=== Goal of the exercise ===
Exactly the lines from the opening of the records through the line containing "using vge_diff assms(3) by simp" should be copied, with both included.

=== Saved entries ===
• • •

lemma square_cancel:
  assumes "vge x 0" "vge y 0" "vge (x ^ 2 - y ^ 2) 1"
  shows "vge (x - y) 1"
proof -
  have "vge (2 * (y * (x - y))) (1 + 0)"
    using vge_mult[OF two_in_ideal vge_mult[OF assms(2) vge_diff[OF assms(1,2)]]] by simp
  then have "vge ((x ^ 2 - y ^ 2) - 2 * (y * (x - y))) 1"
    using vge_diff assms(3) by simp
  moreover have "(x - y) ^ 2 = (x ^ 2 - y ^ 2) - 2 * (y * (x - y))"
    by (simp add: power2_eq_square algebra_simps)
  ultimately have "vge ((x - y) ^ 2) 1"
    by simp
  then show ?thesis
    by (cases "x = y") (auto simp: val_ge_def val_power)
qed

lemma power2_power_cancel:
  "vge x 0 \<Longrightarrow> vge y 0 \<Longrightarrow> vge (x ^ 2 ^ m - y ^ 2 ^ m) 1 \<Longrightarrow> vge (x - y) 1"
proof (induction m arbitrary: x y)
  case (Suc m)
  have "vge (x ^ 2) 0" "vge (y ^ 2) 0"
    using vge_power[of x 0 2] vge_power[of y 0 2] Suc.prems by auto
  moreover have "vge ((x ^ 2) ^ 2 ^ m - (y ^ 2) ^ 2 ^ m) 1"
    using Suc.prems(3) by (simp add: power_mult[symmetric] mult.commute)
  ultimately show ?case
    using Suc.IH square_cancel Suc.prems by blast
qed simp

lemma exists_power2_power_cong:
  assumes "vge u 0"
  obtains m n where "m < n" "vge (u ^ 2 ^ m - u ^ 2 ^ n) 1"
proof -
  define rel where "rel = {(x, y). x \<in> val_ring v \<and> y \<in> val_ring v \<and> x - y \<in> val_ideal v}"
  define cls where "cls n = rel `` {u ^ 2 ^ n}" for n :: nat
  have integral: "u ^ 2 ^ n \<in> val_ring v" for n
    using vge_power[OF assms, of "2 ^ n"] by (simp add: val_ring_def val_ge_def)
  have "range cls \<subseteq> residue_field v"
    unfolding residue_field_def cls_def rel_def[symmetric] using integral by (auto intro: quotientI)
  then have "\<not> inj cls"
    using finite_residue_field finite_subset finite_imageD infinite_UNIV_nat by blast
  then obtain m n where "m \<noteq> n" "cls m = cls n"
    unfolding inj_def by blast
  moreover have "vge (u ^ 2 ^ m - u ^ 2 ^ n) 1" if "cls m = cls n" for m n
  proof -
    have "u ^ 2 ^ n \<in> cls m"
      using that integral unfolding cls_def rel_def val_ideal_def by simp
    then show ?thesis
      unfolding cls_def rel_def val_ideal_def val_ge_def by simp
  qed
  ultimately show ?thesis
    using that vge_commute by (metis linorder_neqE_nat)
qed

lemma exists_power2_root:
  assumes "vge u 0"
  obtains w where "vge w 0" "vge (w ^ 2 ^ r - u) 1"
proof -
  obtain m n where mn: "m < n" "vge (u ^ 2 ^ m - u ^ 2 ^ n) 1"
    using exists_power2_power_cong[OF assms] by blast
  define k where "k = n - m"
  have powers: "vge (u ^ N) 0" for N
    using vge_power[OF assms] by fastforce
  have "u ^ 2 ^ n = (u ^ 2 ^ k) ^ 2 ^ m"
    using mn(1) by (simp add: k_def power_mult[symmetric] power_add[symmetric])
  then have period: "vge (u ^ 2 ^ k - u) 1"
    using power2_power_cancel[OF assms powers] mn(2) vge_commute by metis
  have iterate: "vge (u ^ 2 ^ (j * k) - u) 1" for j
  proof (induction j)
    case (Suc j)
    have "vge ((u ^ 2 ^ (j * k)) ^ 2 ^ k - u ^ 2 ^ k) 1"
      using vge_diff_power[OF powers assms Suc.IH] .
    moreover have "(u ^ 2 ^ (j * k)) ^ 2 ^ k = u ^ 2 ^ (Suc j * k)"
      by (metis power_add power_mult mult_Suc add.commute)
    ultimately show ?case
      using vge_add[OF _ period] by fastforce
  qed simp
  have "r \<le> r * k"
    using mn(1) by (auto simp: k_def)
  then have "(u ^ 2 ^ (r * k - r)) ^ 2 ^ r = u ^ 2 ^ (r * k)"
    by (simp add: power_mult[symmetric] power_add[symmetric])
  then show ?thesis
    using that[of "u ^ 2 ^ (r * k - r)"] powers iterate[of r] by (simp add: mult.commute)
qed

end

locale valued_field_aut4 = valued_field v for v :: "'k::field_char_0 \<Rightarrow> int" +
  fixes \<sigma> :: "'k \<Rightarrow> 'k"
  assumes sigma_add [simp]: "\<sigma> (x + y) = \<sigma> x + \<sigma> y"
    and sigma_mult [simp]: "\<sigma> (x * y) = \<sigma> x * \<sigma> y"
    and sigma_inj: "inj \<sigma>"
    and sigma_order4 [simp]: "\<sigma> (\<sigma> (\<sigma> (\<sigma> x))) = x"
    and val_sigma: "x \<noteq> 0 \<Longrightarrow> v (\<sigma> x) = v x"
begin

lemma sigma_zero [simp]: "\<sigma> 0 = 0"
  using sigma_add[of 0 0] by simp

lemma sigma_minus [simp]: "\<sigma> (- x) = - \<sigma> x"
  using sigma_add[of x "- x"] by (metis add.right_inverse sigma_zero minus_unique)

lemma sigma_diff [simp]: "\<sigma> (x - y) = \<sigma> x - \<sigma> y"
  using sigma_add[of x "- y"] by simp

lemma sigma_eq_zero_iff [simp]: "\<sigma> x = 0 \<longleftrightarrow> x = 0"
  using sigma_inj sigma_zero by (metis injD)

lemma sigma_one [simp]: "\<sigma> 1 = 1"
  using sigma_mult[of 1 1] by (metis mult_cancel_left1 sigma_eq_zero_iff zero_neq_one)

lemma sigma_inverse [simp]: "\<sigma> (inverse x) = inverse (\<sigma> x)"
  using sigma_mult[of x "inverse x"] by (cases "x = 0") (auto intro: inverse_unique[symmetric])

lemma sigma_divide [simp]: "\<sigma> (x / y) = \<sigma> x / \<sigma> y"
  by (simp add: divide_inverse)

lemma sigma_of_nat [simp]: "\<sigma> (of_nat n) = of_nat n"
  by (induction n) auto

lemma sigma_numeral [simp]: "\<sigma> (numeral n) = numeral n"
  using sigma_of_nat[of "numeral n"] by simp

lemma sigma_power [simp]: "\<sigma> (x ^ n) = \<sigma> x ^ n"
  by (induction n) auto

lemma vge_sigma_iff [simp]: "vge (\<sigma> x) n \<longleftrightarrow> vge x n"
  by (cases "x = 0") (auto simp: val_ge_def val_sigma)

• • •

=== Solved problem ===
lemma square_cancel:
  assumes "vge x 0" "vge y 0" "vge (x ^ 2 - y ^ 2) 1"
  shows "vge (x - y) 1"
proof -
  have "vge (2 * (y * (x - y))) (1 + 0)"
    using vge_mult[OF two_in_ideal vge_mult[OF assms(2) vge_diff[OF assms(1,2)]]] by simp
  then have "vge ((x ^ 2 - y ^ 2) - 2 * (y * (x - y))) 1"
    using vge_diff assms(3) by simp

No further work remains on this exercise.